- _Problem details_: Copy out, word for word, the lines from the start of the data below through the line containing "w (map (min", and no others.

[Stored data]
———
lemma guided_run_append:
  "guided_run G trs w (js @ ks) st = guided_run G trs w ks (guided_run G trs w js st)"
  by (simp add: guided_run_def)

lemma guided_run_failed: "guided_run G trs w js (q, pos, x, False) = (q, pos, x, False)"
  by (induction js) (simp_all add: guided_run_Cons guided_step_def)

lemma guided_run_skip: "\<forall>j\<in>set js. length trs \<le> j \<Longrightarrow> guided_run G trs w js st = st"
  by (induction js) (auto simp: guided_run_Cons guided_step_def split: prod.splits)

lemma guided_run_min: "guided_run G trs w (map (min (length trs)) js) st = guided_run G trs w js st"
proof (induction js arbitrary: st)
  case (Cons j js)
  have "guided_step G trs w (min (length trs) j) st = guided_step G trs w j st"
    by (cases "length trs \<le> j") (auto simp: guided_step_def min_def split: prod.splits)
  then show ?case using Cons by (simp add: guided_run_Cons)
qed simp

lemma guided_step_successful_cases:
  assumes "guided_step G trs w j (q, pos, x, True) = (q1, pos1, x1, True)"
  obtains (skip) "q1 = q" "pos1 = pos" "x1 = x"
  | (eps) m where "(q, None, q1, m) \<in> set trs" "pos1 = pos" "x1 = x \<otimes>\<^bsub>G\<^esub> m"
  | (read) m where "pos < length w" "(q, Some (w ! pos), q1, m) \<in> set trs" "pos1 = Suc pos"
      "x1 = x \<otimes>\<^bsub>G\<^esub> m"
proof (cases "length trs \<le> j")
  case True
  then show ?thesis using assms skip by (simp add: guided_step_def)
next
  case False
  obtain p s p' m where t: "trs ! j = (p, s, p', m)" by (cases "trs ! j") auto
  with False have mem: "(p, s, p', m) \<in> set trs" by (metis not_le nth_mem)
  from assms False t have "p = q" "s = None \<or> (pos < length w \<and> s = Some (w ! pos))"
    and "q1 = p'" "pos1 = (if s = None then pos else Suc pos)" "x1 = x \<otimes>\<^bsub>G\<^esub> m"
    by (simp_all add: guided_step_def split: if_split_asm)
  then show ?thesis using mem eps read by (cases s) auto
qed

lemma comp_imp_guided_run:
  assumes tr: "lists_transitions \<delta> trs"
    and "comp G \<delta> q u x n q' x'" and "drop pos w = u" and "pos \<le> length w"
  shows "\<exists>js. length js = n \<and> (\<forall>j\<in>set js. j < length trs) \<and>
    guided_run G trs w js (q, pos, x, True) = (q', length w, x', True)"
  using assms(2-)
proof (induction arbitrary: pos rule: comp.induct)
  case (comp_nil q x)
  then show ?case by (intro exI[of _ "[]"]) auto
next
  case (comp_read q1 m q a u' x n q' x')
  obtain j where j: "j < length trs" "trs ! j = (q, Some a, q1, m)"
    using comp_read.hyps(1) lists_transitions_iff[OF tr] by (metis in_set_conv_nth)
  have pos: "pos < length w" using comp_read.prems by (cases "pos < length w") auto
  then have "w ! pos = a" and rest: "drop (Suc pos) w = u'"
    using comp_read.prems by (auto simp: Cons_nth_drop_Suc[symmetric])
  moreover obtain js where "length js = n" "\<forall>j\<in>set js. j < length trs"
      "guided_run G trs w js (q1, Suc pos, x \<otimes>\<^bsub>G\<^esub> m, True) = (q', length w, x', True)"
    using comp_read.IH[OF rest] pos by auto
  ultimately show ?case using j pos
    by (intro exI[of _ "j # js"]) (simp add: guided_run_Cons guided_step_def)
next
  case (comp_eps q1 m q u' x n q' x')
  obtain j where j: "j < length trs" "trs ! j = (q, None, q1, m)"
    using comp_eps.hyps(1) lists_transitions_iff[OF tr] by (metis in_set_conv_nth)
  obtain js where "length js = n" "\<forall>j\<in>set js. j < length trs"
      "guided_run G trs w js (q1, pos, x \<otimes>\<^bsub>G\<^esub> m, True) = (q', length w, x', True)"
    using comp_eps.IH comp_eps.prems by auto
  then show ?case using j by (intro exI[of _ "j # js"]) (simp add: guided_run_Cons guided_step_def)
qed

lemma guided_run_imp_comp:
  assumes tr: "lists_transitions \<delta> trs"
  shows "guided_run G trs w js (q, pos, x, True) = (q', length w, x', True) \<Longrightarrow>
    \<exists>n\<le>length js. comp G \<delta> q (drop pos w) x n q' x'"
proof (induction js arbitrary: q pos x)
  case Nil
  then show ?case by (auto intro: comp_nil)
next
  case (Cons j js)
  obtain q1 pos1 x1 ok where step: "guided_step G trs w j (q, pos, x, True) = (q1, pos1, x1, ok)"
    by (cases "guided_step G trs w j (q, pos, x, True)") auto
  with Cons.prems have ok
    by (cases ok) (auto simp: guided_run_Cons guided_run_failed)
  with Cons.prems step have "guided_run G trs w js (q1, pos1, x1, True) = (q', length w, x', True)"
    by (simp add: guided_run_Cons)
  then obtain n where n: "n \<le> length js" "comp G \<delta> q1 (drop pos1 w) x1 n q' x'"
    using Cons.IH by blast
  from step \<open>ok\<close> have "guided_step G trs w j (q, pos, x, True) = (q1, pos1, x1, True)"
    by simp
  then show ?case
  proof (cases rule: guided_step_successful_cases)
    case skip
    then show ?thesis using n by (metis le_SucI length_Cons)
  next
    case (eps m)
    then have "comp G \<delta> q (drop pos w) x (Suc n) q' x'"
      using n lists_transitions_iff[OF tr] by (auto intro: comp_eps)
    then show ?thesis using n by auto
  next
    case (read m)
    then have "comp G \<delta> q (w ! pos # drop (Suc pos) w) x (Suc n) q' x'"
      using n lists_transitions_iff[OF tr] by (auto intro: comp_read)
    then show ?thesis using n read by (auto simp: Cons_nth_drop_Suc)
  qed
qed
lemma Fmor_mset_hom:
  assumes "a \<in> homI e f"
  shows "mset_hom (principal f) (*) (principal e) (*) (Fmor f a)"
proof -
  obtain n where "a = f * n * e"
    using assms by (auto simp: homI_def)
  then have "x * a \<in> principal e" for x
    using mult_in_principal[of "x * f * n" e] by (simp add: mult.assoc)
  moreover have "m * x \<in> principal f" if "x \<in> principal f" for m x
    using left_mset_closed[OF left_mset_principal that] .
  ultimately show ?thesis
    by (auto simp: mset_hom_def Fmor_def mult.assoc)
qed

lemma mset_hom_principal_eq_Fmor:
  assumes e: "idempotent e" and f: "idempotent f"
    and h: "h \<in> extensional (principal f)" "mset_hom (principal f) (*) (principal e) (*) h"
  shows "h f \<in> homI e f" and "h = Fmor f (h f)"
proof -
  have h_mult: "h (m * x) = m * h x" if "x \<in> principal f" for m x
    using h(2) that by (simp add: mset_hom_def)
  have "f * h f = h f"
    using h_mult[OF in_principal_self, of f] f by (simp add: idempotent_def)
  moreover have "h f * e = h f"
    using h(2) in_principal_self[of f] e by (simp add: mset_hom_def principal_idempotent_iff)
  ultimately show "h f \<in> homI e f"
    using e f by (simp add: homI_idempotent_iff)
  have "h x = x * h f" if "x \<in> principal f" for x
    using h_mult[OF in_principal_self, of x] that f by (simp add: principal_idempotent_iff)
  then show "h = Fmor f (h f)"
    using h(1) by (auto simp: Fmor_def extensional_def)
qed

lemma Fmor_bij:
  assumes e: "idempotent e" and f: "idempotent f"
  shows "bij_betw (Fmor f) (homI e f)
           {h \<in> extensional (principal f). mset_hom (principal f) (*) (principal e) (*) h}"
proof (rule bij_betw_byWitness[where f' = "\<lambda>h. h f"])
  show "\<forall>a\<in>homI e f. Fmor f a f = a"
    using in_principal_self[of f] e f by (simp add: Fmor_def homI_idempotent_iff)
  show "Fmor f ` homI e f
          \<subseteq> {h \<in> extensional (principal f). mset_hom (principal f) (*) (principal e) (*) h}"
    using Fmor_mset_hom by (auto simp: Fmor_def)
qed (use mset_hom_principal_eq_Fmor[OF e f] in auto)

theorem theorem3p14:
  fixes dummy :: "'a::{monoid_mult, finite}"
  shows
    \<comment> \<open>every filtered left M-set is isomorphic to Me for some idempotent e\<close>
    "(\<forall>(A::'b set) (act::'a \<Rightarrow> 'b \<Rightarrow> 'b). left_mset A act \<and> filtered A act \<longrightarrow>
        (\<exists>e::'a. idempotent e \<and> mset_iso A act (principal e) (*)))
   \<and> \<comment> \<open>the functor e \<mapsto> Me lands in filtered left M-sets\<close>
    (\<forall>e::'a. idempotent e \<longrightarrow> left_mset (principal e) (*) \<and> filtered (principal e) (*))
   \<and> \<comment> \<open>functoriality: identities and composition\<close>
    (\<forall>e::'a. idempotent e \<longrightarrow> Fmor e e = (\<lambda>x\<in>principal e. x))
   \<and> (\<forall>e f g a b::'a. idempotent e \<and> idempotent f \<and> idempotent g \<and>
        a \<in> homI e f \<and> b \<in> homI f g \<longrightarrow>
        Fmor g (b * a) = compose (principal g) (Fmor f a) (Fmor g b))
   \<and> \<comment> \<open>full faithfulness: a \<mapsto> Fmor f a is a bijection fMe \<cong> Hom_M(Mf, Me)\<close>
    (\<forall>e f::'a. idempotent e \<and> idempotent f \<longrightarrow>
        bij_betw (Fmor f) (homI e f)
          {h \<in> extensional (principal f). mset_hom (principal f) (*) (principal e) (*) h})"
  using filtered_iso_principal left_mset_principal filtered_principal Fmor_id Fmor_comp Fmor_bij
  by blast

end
———
- _Result_:
lemma guided_run_append:
  "guided_run G trs w (js @ ks) st = guided_run G trs w ks (guided_run G trs w js st)"
  by (simp add: guided_run_def)

lemma guided_run_failed: "guided_run G trs w js (q, pos, x, False) = (q, pos, x, False)"
  by (induction js) (simp_all add: guided_run_Cons guided_step_def)

lemma guided_run_skip: "\<forall>j\<in>set js. length trs \<le> j \<Longrightarrow> guided_run G trs w js st = st"
  by (induction js) (auto simp: guided_run_Cons guided_step_def split: prod.splits)

lemma guided_run_min: "guided_run G trs w (map (min (length trs)) js) st = guided_run G trs w js st"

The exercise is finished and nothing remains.